Gameplay screenshot showcasing a match between Haohmaru and Galford D. Weller in San Francisco

The game is set in the late 1780s, and all the characters wield weapons. The game uses music from the time period, with sounds of traditional Japanese instruments, such as the shakuhachi and shamisen. A refined version of the camera zoom first found in Art of Fighting is used in Samurai Shodown. The game includes the portrayal of blood.

The game became renowned for its fast pace. Focusing more on quick, powerful strikes than combos, the slow motion was added to intensify the damage dealt from hard hits. During a match, a referee holds flags representing each player (Player 1 is white; Player 2 is red). When a player lands a successful hit, the referee lifts the corresponding flag, indicating who dealt the blow.

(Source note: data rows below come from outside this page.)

lemma deriv_Neg_restricted_Pred:
  assumes "x \<in> RV (Pred p ts :: ('p, 'c) fm)" and "(p, length ts) \<in> set (preds F)"
    and "deriv \<Delta> (Neg (in_c cs [Var x]))" and "deriv \<Delta> (SPP cs F)"
  shows "deriv \<Delta> (Neg (Pred p ts))"
proof -
  obtain t where "t \<in> set ts" and "x \<in> vars_trm t" using assms(1) by auto
  moreover from \<open>x \<in> vars_trm t\<close> have "t = Var x" by (cases t) auto
  ultimately have "Var x \<in> set ts" by simp
  have "deriv (Pred p ts # \<Delta>) (in_c cs ts)"
    using assms(2,4) by (blast intro: ImpE[OF deriv_SPP_instance deriv_hd] deriv_Cons)
  with \<open>Var x \<in> set ts\<close> have "deriv (Pred p ts # \<Delta>) (in_c cs [Var x])"
    by (rule deriv_in_c_member)
  then show ?thesis
    unfolding Neg_def using assms(3) by (blast intro: ImpI deriv_NegE deriv_Cons)
qed

lemma deriv_Neg_restricted_Eq:
  assumes "x \<in> RV (Eq s t :: ('p, 'c) fm)" and "consts_trm s \<union> consts_trm t \<subseteq> set cs"
    and "deriv \<Delta> (Neg (in_c cs [Var x]))"
  shows "deriv \<Delta> (Neg (Eq s t :: ('p, 'c) fm))"
proof -
  obtain c where "c \<in> set cs" and "(s, t) = (Var x, Const c) \<or> (s, t) = (Const c, Var x)"
    using assms(1,2) by (cases s; cases t) auto
  then have "deriv (Eq s t # \<Delta>) (Eq (Var x) (Const c))"
    by (auto intro: deriv_hd deriv_Eq_sym)
  then have "deriv (Eq s t # \<Delta>) (in_c cs [Var x])"
    using \<open>c \<in> set cs\<close> by (rule deriv_in_c_Eq[rotated])
  then show ?thesis
    unfolding Neg_def using assms(3) by (blast intro: ImpI deriv_NegE deriv_Cons)
qed
lemma hadamard_integral_has_derivative:
  assumes "\<And>s. (g has_real_derivative g' s) (at s)" "continuous_on UNIV g'"
  shows "(hadamard_integral g k a has_real_derivative hadamard_integral g' (Suc k) a s) (at s)"
proof -
  have "continuous_on UNIV g"
    using assms(1) by (meson DERIV_isCont continuous_at_imp_continuous_on)
  have "((\<lambda>s. integral (cbox 0 1) (\<lambda>t. t ^ k * g (a + t * (s - a)))) has_field_derivative
      integral (cbox 0 1) (\<lambda>t. t ^ Suc k * g' (a + t * (s - a)))) (at s within UNIV)"
  proof (rule leibniz_rule_field_derivative)
    fix s t :: real
    have "((\<lambda>s. g (a + t * (s - a))) has_real_derivative g' (a + t * (s - a)) * t) (at s)"
      by (rule DERIV_chain2[OF assms(1)]) (auto intro!: derivative_eq_intros)
    then show "((\<lambda>s. t ^ k * g (a + t * (s - a))) has_field_derivative
        t ^ Suc k * g' (a + t * (s - a))) (at s within UNIV)"
      by (auto dest: DERIV_cmult[where c="t ^ k"] simp: algebra_simps)
  next
    show "(\<lambda>t. t ^ k * g (a + t * (s - a))) integrable_on cbox 0 1" for s
      using hadamard_integrand_integrable[OF \<open>continuous_on UNIV g\<close>] by simp
  next
    show "continuous_on (UNIV \<times> cbox 0 1) (\<lambda>(s, t). t ^ Suc k * g' (a + t * (s - a)))"
      by (rule continuous_on_hadamard_integrand[OF assms(2)])
  qed auto
  then show ?thesis
    unfolding hadamard_integral_def[abs_def] by simp
qed

lemma C_k_on_hadamard_integral:
  "C_k_on n UNIV g \<Longrightarrow> C_k_on n UNIV (hadamard_integral g k a)"
proof (induction n arbitrary: g k)
  case 0
  then have "continuous_on UNIV g"
    by (simp add: continuous_at_imp_continuous_on)
  then have "continuous_on UNIV (\<lambda>s. integral (cbox 0 1) (\<lambda>t. t ^ k * g (a + t * (s - a))))"
    by (intro integral_continuous_on_param continuous_on_hadamard_integrand)
  then show ?case
    by (simp add: hadamard_integral_def continuous_on_eq_continuous_at)
next
  case (Suc n)
  then obtain g' where g': "\<forall>s. (g has_real_derivative g' s) (at s)" "C_k_on n UNIV g'"
    by auto
  then have "continuous_on UNIV g'"
    by (meson C_k_on_imp_isCont UNIV_I continuous_at_imp_continuous_on)
  then show ?case
    using g' Suc.IH
    by (intro C_k_onI[where f'="hadamard_integral g' (Suc k) a"] hadamard_integral_has_derivative) auto
qed

lemma C_infinity_on_hadamard_integral:
  "C_infinity_on UNIV g \<Longrightarrow> C_infinity_on UNIV (hadamard_integral g k a)"
  by (simp add: C_infinity_on_def C_k_on_hadamard_integral)

lemma abs_hadamard_integral_le:
  assumes "continuous_on UNIV g" "\<And>s. \<bar>g s\<bar> \<le> B"
  shows "\<bar>hadamard_integral g k a s\<bar> \<le> B"
proof -
  have "norm (hadamard_integral g k a s) \<le> integral {0..1::real} (\<lambda>_. B)"
    unfolding hadamard_integral_def
  proof (rule integral_norm_bound_integral)
    fix t :: real assume "t \<in> {0..1}"
    then have "\<bar>t ^ k\<bar> * \<bar>g (a + t * (s - a))\<bar> \<le> 1 * B"
      using assms(2) by (intro mult_mono) (auto simp: power_le_one intro: order_trans[OF abs_ge_zero])
    then show "norm (t ^ k * g (a + t * (s - a))) \<le> B"
      by (simp add: abs_mult)
  qed (auto intro: hadamard_integrand_integrable[OF assms(1)])
  then show ?thesis
    by simp
qed

lemma hadamard_integral_0_same: "hadamard_integral g 0 a a = g a"
  by (simp add: hadamard_integral_def)

lemma hadamard_integral_times_linear:
  "hadamard_integral (\<lambda>r. (r - a) * g r) 0 a s = (s - a) * hadamard_integral g 1 a s"
proof -
  have "(\<lambda>t. t ^ 0 * ((a + t * (s - a) - a) * g (a + t * (s - a))))
      = (\<lambda>t. (s - a) * (t ^ 1 * g (a + t * (s - a))))"
    by (auto simp: algebra_simps)
  then show ?thesis
    by (simp add: hadamard_integral_def)
qed

lemma hadamard_lemma:
  assumes "\<And>s. (f has_real_derivative f' s) (at s)"
  shows "f s - f a = (s - a) * hadamard_integral f' 0 a s"
proof -
  have "((\<lambda>t. (s - a) * f' (a + t * (s - a))) has_integral
        f (a + 1 * (s - a)) - f (a + 0 * (s - a))) {0..1}"
  proof (rule fundamental_theorem_of_calculus)
    fix t :: real
    have "((\<lambda>t. f (a + t * (s - a))) has_real_derivative f' (a + t * (s - a)) * (s - a)) (at t)"
      by (rule DERIV_chain2[OF assms]) (auto intro!: derivative_eq_intros)
    then show "((\<lambda>t. f (a + t * (s - a))) has_vector_derivative (s - a) * f' (a + t * (s - a)))
        (at t within {0..1})"
      by (auto simp: has_real_derivative_iff_has_vector_derivative[symmetric] mult.commute
          intro: has_field_derivative_at_within)
  qed simp
  then have "((\<lambda>t. (s - a) * f' (a + t * (s - a))) has_integral f s - f a) {0..1}"
    by simp
  then have "integral {0..1} (\<lambda>t. (s - a) * f' (a + t * (s - a))) = f s - f a"
    by (rule integral_unique)
  then show ?thesis
    by (simp add: hadamard_integral_def)
qed

definition diff_quot :: "(real \<Rightarrow> real) \<Rightarrow> real \<Rightarrow> real \<Rightarrow> real" where
  "diff_quot f a = hadamard_integral (deriv f) 0 a"

context
  fixes f :: "real \<Rightarrow> real"
  assumes smooth: "smooth_on UNIV f"
begin

lemma has_derivative_deriv: "(f has_real_derivative deriv f s) (at s)"
  using smooth_on_UNIV_higher_deriv_has_derivative[OF smooth, of 0] by simp

lemma deriv_has_derivative: "(deriv f has_real_derivative deriv (deriv f) s) (at s)"
  using smooth_on_UNIV_higher_deriv_has_derivative[OF smooth, of "Suc 0"] by simp

lemma diff_quot_eq: "f s - f a = (s - a) * diff_quot f a s"
  unfolding diff_quot_def by (rule hadamard_lemma[OF has_derivative_deriv])

lemma diff_quot_same: "diff_quot f a a = deriv f a"
  by (simp add: diff_quot_def hadamard_integral_0_same)

lemma C_infinity_on_diff_quot: "C_infinity_on UNIV (diff_quot f a)"
  unfolding diff_quot_def
  using smooth_on_UNIV_imp_C_infinity_on_higher_deriv[OF smooth, of 1]
  by (simp add: C_infinity_on_hadamard_integral)

lemma diff_quot_has_derivative:
  "(diff_quot f a has_real_derivative hadamard_integral (deriv (deriv f)) 1 a s) (at s)"
  unfolding diff_quot_def
  using hadamard_integral_has_derivative[OF deriv_has_derivative, of 0 a s]
    smooth_on_UNIV_continuous_on_higher_deriv[OF smooth, of "Suc (Suc 0)"]
  by simp

lemma abs_diff_quot_le:
  "(\<And>s. \<bar>deriv f s\<bar> \<le> B) \<Longrightarrow> \<bar>diff_quot f a s\<bar> \<le> B"
  unfolding diff_quot_def
  using smooth_on_UNIV_continuous_on_higher_deriv[OF smooth, of "Suc 0"]
  by (intro abs_hadamard_integral_le) simp_all

lemma abs_diff_quot_derivative_le:
  "(\<And>s. \<bar>deriv (deriv f) s\<bar> \<le> M) \<Longrightarrow> \<bar>hadamard_integral (deriv (deriv f)) 1 a s\<bar> \<le> M"
  using smooth_on_UNIV_continuous_on_higher_deriv[OF smooth, of "Suc (Suc 0)"]
  by (intro abs_hadamard_integral_le) simp_all

lemma abs_diff_quot_sub_deriv_le:
  assumes "\<And>s. \<bar>deriv (deriv f) s\<bar> \<le> M"
  shows "\<bar>diff_quot f a s - deriv f a\<bar> \<le> M * \<bar>s - a\<bar>"
proof -
  have "norm (diff_quot f a s - diff_quot f a a) \<le> M * norm (s - a)"
  proof (rule field_differentiable_bound[where S=UNIV])
    show "(diff_quot f a has_field_derivative hadamard_integral (deriv (deriv f)) 1 a z)
        (at z within UNIV)" for z
      by (rule diff_quot_has_derivative)
    show "norm (hadamard_integral (deriv (deriv f)) 1 a z) \<le> M" for z
      using abs_diff_quot_derivative_le[OF assms] by simp
  qed auto
  then show ?thesis
    by (simp add: diff_quot_same)
qed

end

section \<open>Periodic functions\<close>

lemma deriv_periodic:
  fixes g :: "real \<Rightarrow> real"
  assumes "\<And>s. g (s + L) = g s"
  shows "deriv g (s + L) = deriv g s"
  unfolding deriv_def DERIV_shift by (simp add: assms)

lemma periodic_continuous_bounded:
  fixes g :: "real \<Rightarrow> real"
  assumes periodic: "\<And>s. g (s + L) = g s" and "L > 0" and "continuous_on UNIV g"
  obtains B where "\<And>s. \<bar>g s\<bar> \<le> B"
proof -
  interpret periodic_fun_simple g L
    by standard (rule periodic)
  have "bounded (g ` {0..L})"
    by (intro compact_imp_bounded compact_continuous_image continuous_on_subset[OF assms(3)]) auto
  then obtain B where B: "\<forall>s\<in>{0..L}. \<bar>g s\<bar> \<le> B"
    unfolding bounded_iff by auto
  have "\<bar>g s\<bar> \<le> B" for s
  proof -
    define k where "k = \<lfloor>s / L\<rfloor>"
    have "of_int k * L \<le> s" "s < (of_int k + 1) * L"
      using floor_divide_lower[OF \<open>L > 0\<close>] floor_divide_upper[OF \<open>L > 0\<close>]
      unfolding k_def by blast+
    then have "s - of_int k * L \<in> {0..L}"
      by (auto simp: algebra_simps)
    moreover have "g s = g (s - of_int k * L)"
      using plus_of_int[of "s - of_int k * L" k] by simp
    ultimately show ?thesis
      using B by simp
  qed
  then show ?thesis
    using that by blast
qed

lemma periodic_second_deriv_bounded:
  fixes f :: "real \<Rightarrow> real"
  assumes "smooth_on UNIV f" "\<And>s. f (s + L) = f s" "L > 0"
  obtains B where "\<And>s. \<bar>deriv (deriv f) s\<bar> \<le> B"
proof (rule periodic_continuous_bounded)
  have "deriv f (s + L) = deriv f s" for s
    by (rule deriv_periodic[where g=f, OF assms(2)])
  then show "deriv (deriv f) (s + L) = deriv (deriv f) s" for s
    by (rule deriv_periodic)
  show "continuous_on UNIV (deriv (deriv f))"
    using smooth_on_UNIV_continuous_on_higher_deriv[OF assms(1), of "Suc (Suc 0)"] by simp
qed (use assms(3) that in auto)

section \<open>The Koranyi gauge\<close>

lemma heis_mult_inv_left:
  "heis_mult (heis_inv p) q =
     (hx q - hx p, hy q - hy p, hu q - hu p - (hx p * hy q - hx q * hy p) / 2)"
  by (simp add: heis_mult_def heis_inv_def hx_def hy_def hu_def field_simps)

definition koranyi_quartic :: "real \<Rightarrow> real \<Rightarrow> real \<Rightarrow> real" where
  "koranyi_quartic x y u = (x\<^sup>2 + y\<^sup>2)\<^sup>2 + 16 * u\<^sup>2"

lemma koranyi_norm_eq: "koranyi_norm (x, y, u) = koranyi_quartic x y u powr (1/4)"
  by (simp add: koranyi_norm_def koranyi_quartic_def hx_def hy_def hu_def)

lemma C_infinity_on_koranyi_quartic [C_infinity_intros]:
  "C_infinity_on S x \<Longrightarrow> C_infinity_on S y \<Longrightarrow> C_infinity_on S u \<Longrightarrow>
    C_infinity_on S (\<lambda>s. koranyi_quartic (x s) (y s) (u s))"
  unfolding koranyi_quartic_def by (intro C_infinity_intros)

lemma koranyi_norm_dilation:
  "koranyi_norm (t * x, t * y, t\<^sup>2 * u) = \<bar>t\<bar> * koranyi_norm (x, y, u)"
proof -
  have "koranyi_quartic (t * x) (t * y) (t\<^sup>2 * u) = t ^ 4 * koranyi_quartic x y u"
    unfolding koranyi_quartic_def by algebra
  also have "t ^ 4 = \<bar>t\<bar> powr 4"
    by (simp add: power_even_abs)
  finally have "koranyi_quartic (t * x) (t * y) (t\<^sup>2 * u) powr (1/4)
      = (\<bar>t\<bar> powr 4 * koranyi_quartic x y u) powr (1/4)"
    by (simp only:)
  also have "\<dots> = (\<bar>t\<bar> powr 4) powr (1/4) * koranyi_quartic x y u powr (1/4)"
    by (rule powr_mult)
  also have "(\<bar>t\<bar> powr 4) powr (1/4) = \<bar>t\<bar>"
    by (simp only: powr_powr) simp
  finally show ?thesis
    by (simp add: koranyi_norm_eq)
qed

lemma abs_mult_le_of_abs_le_one:
  fixes p q B :: real
  assumes "\<bar>p\<bar> \<le> 1" "\<bar>q\<bar> \<le> B"
  shows "\<bar>p * q\<bar> \<le> B"
proof -
  have "\<bar>p\<bar> * \<bar>q\<bar> \<le> 1 * B"
    using assms by (intro mult_mono) auto
  then show ?thesis
    by (simp add: abs_mult)
qed

lemma koranyi_quartic_ge_quarter:
  assumes "\<bar>x - p\<bar> \<le> 1/80" "\<bar>y - q\<bar> \<le> 1/80" "p\<^sup>2 + q\<^sup>2 = 1"
  shows "koranyi_quartic x y u \<ge> 1/4"
proof -
  have "p\<^sup>2 \<le> 1" "q\<^sup>2 \<le> 1"
    using assms(3) zero_le_power2[of p] zero_le_power2[of q] by linarith+
  then have "\<bar>p\<bar> \<le> 1" "\<bar>q\<bar> \<le> 1"
    by (simp_all add: abs_square_le_1)
  have "x\<^sup>2 = p\<^sup>2 + 2 * (p * (x - p)) + (x - p)\<^sup>2" "y\<^sup>2 = q\<^sup>2 + 2 * (q * (y - q)) + (y - q)\<^sup>2"
    by algebra+
  moreover have "\<bar>p * (x - p)\<bar> \<le> 1/80" "\<bar>q * (y - q)\<bar> \<le> 1/80"
    using abs_mult_le_of_abs_le_one[OF \<open>\<bar>p\<bar> \<le> 1\<close> assms(1)]
      abs_mult_le_of_abs_le_one[OF \<open>\<bar>q\<bar> \<le> 1\<close> assms(2)] .
  ultimately have "x\<^sup>2 + y\<^sup>2 \<ge> 1/2"
    using assms(3) zero_le_power2[of "x - p"] zero_le_power2[of "y - q"]
    unfolding abs_le_iff by linarith
  then have "(x\<^sup>2 + y\<^sup>2)\<^sup>2 \<ge> (1/2)\<^sup>2"
    by (intro power_mono) auto
  moreover have "(1/2 :: real)\<^sup>2 = 1/4"
    by (simp add: power2_eq_square)
  ultimately show ?thesis
    unfolding koranyi_quartic_def using zero_le_power2[of u] by linarith
qed

lemma koranyi_quartic_has_bounded_derivative:
  assumes "(x has_real_derivative x') (at s)" "(y has_real_derivative y') (at s)"
    "(u has_real_derivative u') (at s)"
    and "\<bar>x s\<bar> \<le> 1" "\<bar>y s\<bar> \<le> 1" "\<bar>u s\<bar> \<le> 1" "\<bar>x'\<bar> \<le> M" "\<bar>y'\<bar> \<le> M" "\<bar>u'\<bar> \<le> 2 * M"
  obtains d where "((\<lambda>s. koranyi_quartic (x s) (y s) (u s)) has_real_derivative d) (at s)"
    "\<bar>d\<bar> \<le> 80 * M"
proof
  let ?r = "x s * x s + y s * y s"
  show "((\<lambda>s. koranyi_quartic (x s) (y s) (u s)) has_real_derivative
      4 * (?r * (x s * x') + ?r * (y s * y')) + 32 * (u s * u')) (at s)"
    unfolding koranyi_quartic_def
    using assms(1-3) by (auto intro!: derivative_eq_intros simp: power2_eq_square algebra_simps)
  have "\<bar>x s * x s\<bar> \<le> 1" "\<bar>y s * y s\<bar> \<le> 1"
    using abs_mult_le_of_abs_le_one[OF assms(4,4)] abs_mult_le_of_abs_le_one[OF assms(5,5)] .
  then have "\<bar>?r\<bar> \<le> 2"
    by linarith
  moreover have "\<bar>x s * x'\<bar> \<le> M" "\<bar>y s * y'\<bar> \<le> M" "\<bar>u s * u'\<bar> \<le> 2 * M"
    using assms(4-9) by (auto intro: abs_mult_le_of_abs_le_one)
  ultimately have "\<bar>?r * (x s * x')\<bar> \<le> 2 * M" "\<bar>?r * (y s * y')\<bar> \<le> 2 * M"
    by (auto simp: abs_mult intro: mult_mono)
  then have "\<bar>?r * (x s * x') + ?r * (y s * y')\<bar> \<le> 4 * M"
    by arith
  moreover have "\<bar>4 * P + 32 * Q\<bar> \<le> 80 * M" if "\<bar>P\<bar> \<le> 4 * M" "\<bar>Q\<bar> \<le> 2 * M" for P Q :: real
    using that by arith
  ultimately show "\<bar>4 * (?r * (x s * x') + ?r * (y s * y')) + 32 * (u s * u')\<bar> \<le> 80 * M"
    using \<open>\<bar>u s * u'\<bar> \<le> 2 * M\<close> by blast
qed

A delivery man occasionally appears in the background and throws items such as bombs or health-restoring chicken, which can change the outcome.

==Plot and characters==

Shiro Tokisada Amakusa, slain in Japan of 1638 by the forces of the Tokugawa Shogunate for his part in the Shimabara Rebellion, was resurrected in 1787 as an akuma from making a deal with the dark god Ambrosia by bringing the evil entity into the world with the Palenke stone and its energy. Driven by hatred for the Shogunate and having a nihilistic streak towards the world, he unleashes his dark powers to bring chaos to all of existence in 1788. A variety of warriors—some historic, some fictional—converge upon the source of the chaos, each driven by their own reasons.

- Haohmaru - A wandering samurai who is searching for strong opponents to hone his skills.
- Nakoruru - A young girl aided by her pet eagle, Mamahaha, who strives to protect nature.
- Ukyo Tachibana - An ailing samurai warrior who is fighting to gain a flower for his beloved; Kei Odagiri.
- Charlotte Christine de Colde - A French noblewoman who vows to protect France from Amakusa's evil.
- Galford D. Weller - An American who traveled to Japan to become a ninja. He is aided by his pet dog, Poppy.
- Jubei Yagyu - A Ronin who strives to protect Japan from its enemies.
- Earthquake - A large Texan thief who studied the art of Ninjutsu. He wishes to steal as much treasure as he can.
- Hanzo Hattori - An Iga Ninja who fights to save his son; Shinzo from Amakusa's control.
- Kyoshiro Senryo - A kabuki performer who uses his art to entertain and perfect his own fighting skills.
- Tam Tam - A warrior from the Mayan city of Green Hell, charged with retrieving the stolen Palenke stone back from Amakusa.
- Wan-Fu - A warrior from China, serving the Qing Emperor. He searches Japan for worthy fighters to help him unify his homeland.
- Genan Shiranui - A member of the Shiranui clan, killing anyone who gets in his way as he progresses through the path of evil.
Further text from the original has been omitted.